### What the exercise asks
All lines in the records that carry the string "True" are to be shown.
Top of Provided information
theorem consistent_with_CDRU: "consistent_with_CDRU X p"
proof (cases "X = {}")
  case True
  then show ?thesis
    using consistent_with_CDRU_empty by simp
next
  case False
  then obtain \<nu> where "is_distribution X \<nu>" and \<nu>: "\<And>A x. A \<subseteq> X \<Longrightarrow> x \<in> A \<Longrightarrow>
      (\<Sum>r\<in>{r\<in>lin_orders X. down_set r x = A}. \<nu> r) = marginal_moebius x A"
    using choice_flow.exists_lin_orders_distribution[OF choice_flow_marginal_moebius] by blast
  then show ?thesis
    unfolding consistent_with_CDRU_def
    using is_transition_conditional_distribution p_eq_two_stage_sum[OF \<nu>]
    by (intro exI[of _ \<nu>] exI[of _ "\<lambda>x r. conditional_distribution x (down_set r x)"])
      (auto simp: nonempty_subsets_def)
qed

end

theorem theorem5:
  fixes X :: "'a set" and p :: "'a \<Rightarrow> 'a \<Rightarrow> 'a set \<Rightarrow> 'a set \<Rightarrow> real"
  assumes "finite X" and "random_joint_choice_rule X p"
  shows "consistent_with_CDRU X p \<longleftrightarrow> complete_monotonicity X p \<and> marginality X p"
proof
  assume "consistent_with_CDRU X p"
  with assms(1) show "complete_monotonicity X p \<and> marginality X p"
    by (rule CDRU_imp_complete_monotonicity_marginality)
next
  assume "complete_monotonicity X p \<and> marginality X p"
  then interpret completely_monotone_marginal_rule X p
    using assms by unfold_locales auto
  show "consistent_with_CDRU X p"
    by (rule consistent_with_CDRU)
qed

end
Bottom of Provided information
Top of Provided information
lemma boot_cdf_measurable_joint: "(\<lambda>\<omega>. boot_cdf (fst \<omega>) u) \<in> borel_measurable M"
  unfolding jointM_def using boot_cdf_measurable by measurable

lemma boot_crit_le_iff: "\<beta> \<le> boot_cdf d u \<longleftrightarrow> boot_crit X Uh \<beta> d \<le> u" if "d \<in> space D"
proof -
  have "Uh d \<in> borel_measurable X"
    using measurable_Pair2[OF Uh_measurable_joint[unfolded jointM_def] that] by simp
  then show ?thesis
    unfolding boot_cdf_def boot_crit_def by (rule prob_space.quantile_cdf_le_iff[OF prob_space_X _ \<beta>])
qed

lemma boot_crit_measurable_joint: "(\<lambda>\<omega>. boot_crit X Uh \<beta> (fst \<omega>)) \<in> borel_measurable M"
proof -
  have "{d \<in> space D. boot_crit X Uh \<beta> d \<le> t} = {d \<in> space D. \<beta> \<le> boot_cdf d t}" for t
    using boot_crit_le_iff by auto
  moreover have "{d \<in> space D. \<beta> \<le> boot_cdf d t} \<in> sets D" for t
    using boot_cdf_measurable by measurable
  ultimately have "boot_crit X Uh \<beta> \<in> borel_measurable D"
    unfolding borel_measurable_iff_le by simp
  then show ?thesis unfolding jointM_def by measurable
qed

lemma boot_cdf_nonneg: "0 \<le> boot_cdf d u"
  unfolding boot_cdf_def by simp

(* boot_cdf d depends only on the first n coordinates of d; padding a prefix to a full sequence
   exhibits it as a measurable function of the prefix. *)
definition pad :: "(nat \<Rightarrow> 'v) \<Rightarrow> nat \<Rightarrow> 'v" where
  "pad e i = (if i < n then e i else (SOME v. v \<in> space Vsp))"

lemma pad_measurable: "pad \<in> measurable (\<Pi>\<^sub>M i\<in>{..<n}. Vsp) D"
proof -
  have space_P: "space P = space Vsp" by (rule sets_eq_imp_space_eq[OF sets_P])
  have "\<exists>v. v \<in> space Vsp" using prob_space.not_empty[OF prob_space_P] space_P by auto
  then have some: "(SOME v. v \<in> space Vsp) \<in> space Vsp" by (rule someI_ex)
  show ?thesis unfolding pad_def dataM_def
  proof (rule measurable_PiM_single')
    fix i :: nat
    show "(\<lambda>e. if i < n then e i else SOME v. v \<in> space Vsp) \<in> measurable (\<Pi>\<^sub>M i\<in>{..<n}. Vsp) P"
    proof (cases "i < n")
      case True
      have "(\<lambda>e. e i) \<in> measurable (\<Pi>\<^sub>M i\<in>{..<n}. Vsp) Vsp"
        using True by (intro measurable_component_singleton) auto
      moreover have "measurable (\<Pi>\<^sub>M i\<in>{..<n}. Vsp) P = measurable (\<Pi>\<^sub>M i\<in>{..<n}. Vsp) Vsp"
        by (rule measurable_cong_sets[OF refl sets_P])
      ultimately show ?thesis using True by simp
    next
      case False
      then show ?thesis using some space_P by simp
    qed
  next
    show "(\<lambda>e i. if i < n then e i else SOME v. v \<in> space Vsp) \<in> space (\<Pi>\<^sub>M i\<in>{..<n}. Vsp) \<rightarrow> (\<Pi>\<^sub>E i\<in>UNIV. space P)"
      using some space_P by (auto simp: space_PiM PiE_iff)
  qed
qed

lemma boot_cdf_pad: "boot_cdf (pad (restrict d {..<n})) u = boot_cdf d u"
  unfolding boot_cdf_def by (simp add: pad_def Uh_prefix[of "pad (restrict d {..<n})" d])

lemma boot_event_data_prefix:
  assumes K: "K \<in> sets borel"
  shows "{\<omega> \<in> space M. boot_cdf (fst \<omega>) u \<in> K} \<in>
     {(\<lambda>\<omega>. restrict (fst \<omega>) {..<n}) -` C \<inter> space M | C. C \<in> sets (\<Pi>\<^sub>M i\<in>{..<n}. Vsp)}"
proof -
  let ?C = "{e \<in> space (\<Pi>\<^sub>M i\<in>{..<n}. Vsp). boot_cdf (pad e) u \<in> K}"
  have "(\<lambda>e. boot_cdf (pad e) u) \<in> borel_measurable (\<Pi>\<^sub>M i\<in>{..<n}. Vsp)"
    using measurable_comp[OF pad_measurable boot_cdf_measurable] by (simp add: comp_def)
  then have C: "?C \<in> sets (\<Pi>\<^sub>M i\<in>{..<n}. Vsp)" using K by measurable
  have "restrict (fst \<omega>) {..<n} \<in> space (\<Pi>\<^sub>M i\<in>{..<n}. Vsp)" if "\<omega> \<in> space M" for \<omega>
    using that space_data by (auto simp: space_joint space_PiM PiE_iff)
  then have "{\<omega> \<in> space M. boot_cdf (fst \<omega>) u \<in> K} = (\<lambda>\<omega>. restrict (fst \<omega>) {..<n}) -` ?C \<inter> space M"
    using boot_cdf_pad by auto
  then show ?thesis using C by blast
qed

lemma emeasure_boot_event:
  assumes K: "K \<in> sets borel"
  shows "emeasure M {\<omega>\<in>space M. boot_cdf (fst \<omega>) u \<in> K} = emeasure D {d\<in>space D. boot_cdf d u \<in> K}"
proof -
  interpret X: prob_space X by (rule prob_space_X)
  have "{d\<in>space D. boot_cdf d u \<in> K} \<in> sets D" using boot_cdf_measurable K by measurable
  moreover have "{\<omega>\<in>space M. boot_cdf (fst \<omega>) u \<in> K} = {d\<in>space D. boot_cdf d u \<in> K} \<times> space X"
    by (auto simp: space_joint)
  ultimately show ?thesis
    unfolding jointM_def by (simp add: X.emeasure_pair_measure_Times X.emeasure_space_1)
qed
Bottom of Provided information
### Reply
  case True
      case True
        using True by (intro measurable_component_singleton) auto
      ultimately show ?thesis using True by simp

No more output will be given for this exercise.